TPSREGR - Thin-plate splines regression analysis
F. James Rohlf
6 July 1993
Department of Ecology and Evolution
State University of New York at Stony Brook
Stony Brook, NY 11794-5245
Phone: 631-632-8580
ROHLF at life.bio.sunysb.edu
The purpose of this program is to regress the shape of a
collection of specimens (captured as coordinates of landmarks)
onto an independent variable. The independent variable might be
size in a study of allometry or it could be longitude,
temperature, or any other variable of interest.
The program regresses the partial warp scores (the weight
matrix of partial warp scores) onto the independent variable and
then plots a thin-plate spline as a function of the independent
variable so that one can see the shape change associated with
larger or smaller values of the independent variable. An
alternative is to read in a vector giving an explicit linear
combination to be used.
The reference configuration must be supplied as a file (it can
be computed by the GRF, GRF_ND, or TPSRW programs). Either the
raw coordinate data (usually the most convenient way to use the
program) or files giving the weight matrix, principal warps and
their eigenvalues must be provided. The regression makes most
sense if the reference configuration is such that it corresponds
to the average of the independent variable.

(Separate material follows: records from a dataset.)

lemma precedes_set: "precedes L u v \<Longrightarrow> u \<in> set L \<and> v \<in> set L"
  unfolding precedes_def by auto

lemma precedes_nth: "i < j \<Longrightarrow> j < length L \<Longrightarrow> precedes L (L ! i) (L ! j)"
  unfolding precedes_def by blast

lemma precedes_hd:
  "v \<in> set C \<Longrightarrow> v \<noteq> hd C \<Longrightarrow> precedes C (hd C) v"
  by (cases C) auto

lemma precedes_last:
  "u \<in> set A \<Longrightarrow> u \<noteq> last A \<Longrightarrow> precedes A u (last A)"
  by (induction A rule: rev_induct) auto

lemma precedes_pivot:
  assumes "distinct (xs @ x # ys)"
  shows "precedes (xs @ x # ys) u x \<longleftrightarrow> u \<in> set xs"
    and "precedes (xs @ x # ys) x v \<longleftrightarrow> v \<in> set ys"
  using assms by (auto dest: precedes_set)

text \<open>The relative order of u and v distinguishes 2413 from 4213; merging the two patterns is what
  frees the argument from tracking it.\<close>
definition contains_2413_4213 :: "'a::linorder list \<Rightarrow> bool" where
  "contains_2413_4213 L \<longleftrightarrow>
     (\<exists>u v c d. precedes L u c \<and> precedes L v c \<and> precedes L c d \<and> c < u \<and> u < d \<and> d < v)"

lemma contains_2413_4213I:
  "precedes L u c \<Longrightarrow> precedes L v c \<Longrightarrow> precedes L c d \<Longrightarrow> c < u \<Longrightarrow> u < d \<Longrightarrow> d < v
   \<Longrightarrow> contains_2413_4213 L"
  unfolding contains_2413_4213_def by blast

There are two versions of the program. One for DOS real mode
and another for DOS protected mode (DPMI). Their use is identical
except that the protected mode version requires that the RTM.EXE
program be present (it will be loaded automatically in order to
switch TPSRW into protected mode). Unless you are using software
that provides DPMI services (e.g., Windows, 386Max, OS/2) the file
DPMI16BI.OVL must also be present. The protected mode version
requires an 80386 or 80486 computer and is able to use both
ordinary RAM and extended memory so that larger datasets can be
processed. It does not make use of overlay files.
At present the DOS version can handle a maximum of 500 specimens
and 100 landmark points. The DPMI version can handle 2000
specimens and 200 landmarks. No attempt was made to push these
limits to their maxima. Please contact me if these limitations are
a problem.
Note: this version requires a new set of BGI graphics driver
files.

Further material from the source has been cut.